In the formula, h represents the activation vector. h is the normalization of the mean value uB = 0, the covariance K = 1, and the pseudocovariance matrix C = 0. V is the covariance matrix. and γ represent the displacement parameter and scaling parameter to be learned, respectively. γ is a positive semidefinite matrix, which can be expressed as:

$$ \gamma = \left( {\begin{array}{*{20}c} \begin{gathered} \gamma_{11} \hfill \\ \gamma_{21} \hfill \\ \end{gathered} & \begin{gathered} \gamma_{12} \hfill \\ \gamma_{22} \hfill \\ \end{gathered} \\ \end{array} } \right) $$
(22)

3.1.5 Fully connected layer

In the entire deep complex convolutional network, the function of the complex fully connected layer is to map the distributed feature representation learned by the complex convolution layer, the complex maximum pooling layer and the complex activation function layer to the sample label space. Its purpose is to reduce the original rolling bearing signal input, and then use all the characteristic information to the maximum extent through the fully connected layer. The fully connected layer can be regarded as a convolutional layer with a 1 × 1 convolution kernel, that is, it transforms the input data into a one-dimensional vector. It then points to the vector, and the specific formula is as follows:

$$ \begin{aligned} o_{i} & = \sum\limits_{j = 1}^{m} {u_{j} *w_{ij} + c_{i} } \\ & = \sum\limits_{j = 1}^{m} {\left( {x_{i} + jy_{i} } \right)*\left( {u_{ij} + jv_{ij} } \right) + \left( {\alpha_{i} + j\beta_{i} } \right)} \\ & = \sum\limits_{j = 1}^{m} {\left[ {\left( {x_{i} u_{ij} - y_{i} v_{ij} } \right) + \left( {y_{i} u_{ij} + x_{i} v_{ij} } \right)j} \right] + \left( {\alpha_{i} + j\beta_{i} } \right)} \\ \end{aligned} $$
(23)

In the formula, U = {u1,…,um} is the input. O = {o1,…,om} is the output.

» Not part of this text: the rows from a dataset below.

lemma (in prob_space) integral_sum_indep_sq:
  fixes X :: "'i \<Rightarrow> 'a \<Rightarrow> real"
  assumes indep: "indep_vars (\<lambda>_. borel) X I" and T: "finite T" "T \<subseteq> I"
    and int: "\<And>t. t \<in> T \<Longrightarrow> integrable M (X t)"
    and sq: "\<And>t. t \<in> T \<Longrightarrow> integrable M (\<lambda>\<omega>. (X t \<omega>)\<^sup>2)"
    and centered: "\<And>t. t \<in> T \<Longrightarrow> expectation (X t) = 0"
  shows "integrable M (\<lambda>\<omega>. (\<Sum>t\<in>T. X t \<omega>)\<^sup>2)"
    and "(\<integral>\<omega>. (\<Sum>t\<in>T. X t \<omega>)\<^sup>2 \<partial>M) = (\<Sum>t\<in>T. \<integral>\<omega>. (X t \<omega>)\<^sup>2 \<partial>M)"
proof -
  have cross: "integrable M (\<lambda>\<omega>. X s \<omega> * X t \<omega>) \<and>
      (\<integral>\<omega>. X s \<omega> * X t \<omega> \<partial>M) = (if s = t then \<integral>\<omega>. (X t \<omega>)\<^sup>2 \<partial>M else 0)"
    if "s \<in> T" "t \<in> T" for s t
  proof (cases "s = t")
    case True
    then show ?thesis using sq[OF that(2)] by (simp add: power2_eq_square)
  next
    case False
    have "indep_var borel (X s) borel (X t)"
      using indep_vars_indep_var[OF indep] that T(2) False by blast
    from indep_var_integrable[OF this int int] indep_var_lebesgue_integral[OF this int int]
    show ?thesis using centered that False by simp
  qed
  have expand: "(\<Sum>t\<in>T. X t \<omega>)\<^sup>2 = (\<Sum>s\<in>T. \<Sum>t\<in>T. X s \<omega> * X t \<omega>)" for \<omega>
    by (simp add: power2_eq_square sum_product)
  show "integrable M (\<lambda>\<omega>. (\<Sum>t\<in>T. X t \<omega>)\<^sup>2)"
    unfolding expand using cross by auto
  show "(\<integral>\<omega>. (\<Sum>t\<in>T. X t \<omega>)\<^sup>2 \<partial>M) = (\<Sum>t\<in>T. \<integral>\<omega>. (X t \<omega>)\<^sup>2 \<partial>M)"
    unfolding expand using cross T(1) by (simp add: integral_sum)
qed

3.1.6 Complex output layer

The output layer in the complex form is designed with reference to the superposition state in quantum mechanics. Because quits in quantum computing can express two possible states, n quits represent 2n states. Therefore, we can apply this idea to the model presented in this section. The rolling bearing signal enters the output layer after the convolution and pooling layer, and the probability corresponding to the amplitude of each rolling bearing signal is initialized to be equal and the cumulative sum is 1. The model performs a quantum observation, and each signal amplitude is mapped to a corresponding position that satisfies the probability distribution, and finally classified by probability. In addition, the function expressing the quantum state of the particle satisfies the normalization condition. The sum of the distribution probabilities of the particles is equal to 1. For the multi-classification problem of rolling bearing fault signals, the output value of the complex node corresponds to the probability of a category after being normalized by the softmax nonlinear function. It satisfies the constraint of probability distribution, that is,

$$\sum\limits_{k = 1}^{K} {p(k) = 1}$$

. The l2 norm of the complex number domain input z = x + yi (x,y ∈ R) can be defined as A. For softmax regression, the probability of each class of the K class classifier corresponding to its input feature z is P(y = k|z,). That is

$$ h_{\theta } \left( x \right) = \left[ \begin{gathered} P\left( {Y = 1|z;\theta_{1} } \right) \hfill \\ \vdots \hfill \\ P\left( {Y = k|z;\theta_{k} } \right) \hfill \\ \end{gathered} \right] = \frac{1}{{\sum\limits_{h = 1}^{k} {\left\| {e^{{\theta_{h}^{T} Z}} } \right\|} }}\left[ \begin{gathered} \left\| {e^{{\theta_{1}^{T} Z}} } \right\| \hfill \\ \vdots \hfill \\ \left\| {e^{{\theta_{k}^{T} Z}} } \right\| \hfill \\ \end{gathered} \right] $$
(24)

In the formula, θ1,…,θk ∈ Qn are the parameters of the reconvolutional neural network model and \(e^{{\theta_{h}^{T} Z}} = e^{{\theta_{h}^{T} x}} + e^{{\theta_{h}^{T} y}} i\) is in the Softmax regression. For input data Z = {z(1),…z(m)}, its cost function is defined as follows:

$$ I\left( \theta \right) = - \frac{1}{m}\left[ {\sum\limits_{g = 1}^{m} {\sum\limits_{h = 1}^{k} {J\left\{ {Y^{(g)} = h} \right\}\log \frac{{\left\| {e^{{\theta_{1}^{T} Z^{g} }} } \right\|^{2} }}{{\left\| {e^{{\theta_{h}^{T} Z^{g} }} } \right\|^{2} }}} } } \right] $$
(25)

In the formula, when Y(g) is h, the index function J{Yg = h} = 1, otherwise it is 0.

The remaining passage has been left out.